◆ About this exercise
Exactly the lines from the one containing "theory Defs" through the final line of the listing are to be retyped, and nothing more.

◆ Records to process
=== Section Start ===

(* Let $k\ge2$, $N_2=m\ge1$, $N_1=n+1-mk\ge0$, $\eta\in\mathbb C$ with $\hbar=k\eta$, $t=e^{\eta/2}$, $q=e^{\hbar/2}$ (so $q=t^k$). Let $S_0=\bigsqcup_{\ell=1}^{N_2}S_\ell$ with $S_\ell=\{e_{N_1+k(\ell-1)+j}-e_{N_1+k(\ell-1)+j+1}: j=1,\dots,k-1\}$, so $\mathcal D_0=\{x\in V: x_j-x_{j+1}=\eta$ whenever $e_j-e_{j+1}\in S_0\}$, and use the coordinates $x_1,\dots,x_{N_1}$ and $y_\ell=\frac1k\sum_{s=0}^{k-1}x_{N_1+k\ell-s}-\frac{k-1}2\eta$ ($\ell=1,\dots,N_2$) on $\mathcal D_0$ (so $x_{N_1+k\ell-s}=y_\ell+s\eta$ there). Then the restriction of $$M=\sum_{i=1}^{n+1}\prod_{j\ne i}\frac{te^{x_j-x_i}-t^{-1}}{e^{x_j-x_i}-1}\,\mathsf T^\hbar_{x_i}$$ to $\mathcal D_0$ is well defined and equals $$\overline M=\sum_{i=1}^{N_1}\prod_{j=1,j\ne i}^{N_1}\frac{te^{x_j-x_i}-t^{-1}}{e^{x_j-x_i}-1}\prod_{\ell'=1}^{N_2}\frac{qe^{y_{\ell'}-x_i}-q^{-1}}{e^{y_{\ell'}-x_i}-1}\,\mathsf T^\hbar_{x_i}+\frac{q-q^{-1}}{t-t^{-1}}\sum_{\ell=1}^{N_2}\prod_{j=1}^{N_1}\frac{te^{x_j-y_\ell}-t^{-1}}{e^{x_j-y_\ell}-1}\prod_{\ell'\ne\ell}\frac{qe^{y_{\ell'}-y_\ell}-q^{-1}}{e^{y_{\ell'}-y_\ell}-1}\,\mathsf T^\eta_{y_\ell}.$$
   Context: $R=A_n=\{e_i-e_j:i\ne j\}$ realized in $V=\{x=\sum_{i=1}^{n+1}x_ie_i\in\mathbb C^{n+1}:\sum x_i=0\}$, $\{e_i\}$ orthonormal. Functions on $V$ are regarded as functions of $x_1,\dots,x_{n+1}$ invariant under simultaneous shift of all variables; $\mathsf T^a_z$ denotes the shift $z\mapsto z+a$ in the variable $z$, so $\mathsf T^\hbar_{x_i}=\tau(-\hat e_i)$ where $\hat e_i$ is the orthogonal projection of $e_i$ onto $V$ and $(\tau(\lambda)f)(x)=f(x-\hbar\lambda)$. $\hbar\in\mathbb C\setminus\pi i\mathbb Q$. For $S_0$ a set of simple roots, $\overline V=\{x\in V:(\alpha,x)=0\ \forall\alpha\in S_0\}$ and $\bar\lambda$ the orthogonal projection onto $\overline V$. The restriction of a difference operator $D=\sum_\lambda g_\lambda\tau(\lambda)$ to $\mathcal D_0$ is $\overline D=\sum_{\lambda'}\big(\sum_{\bar\lambda=\lambda'}g_\lambda\big)\big|_{\mathcal D_0}\tau(\lambda')$, provided each such restricted coefficient is a well-defined meromorphic function on $\mathcal D_0$. *)

theory Defs
  imports "HOL-Analysis.Analysis"
begin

=== Section End ===

◆ Answer section
theory Defs
  imports "HOL-Analysis.Analysis"
begin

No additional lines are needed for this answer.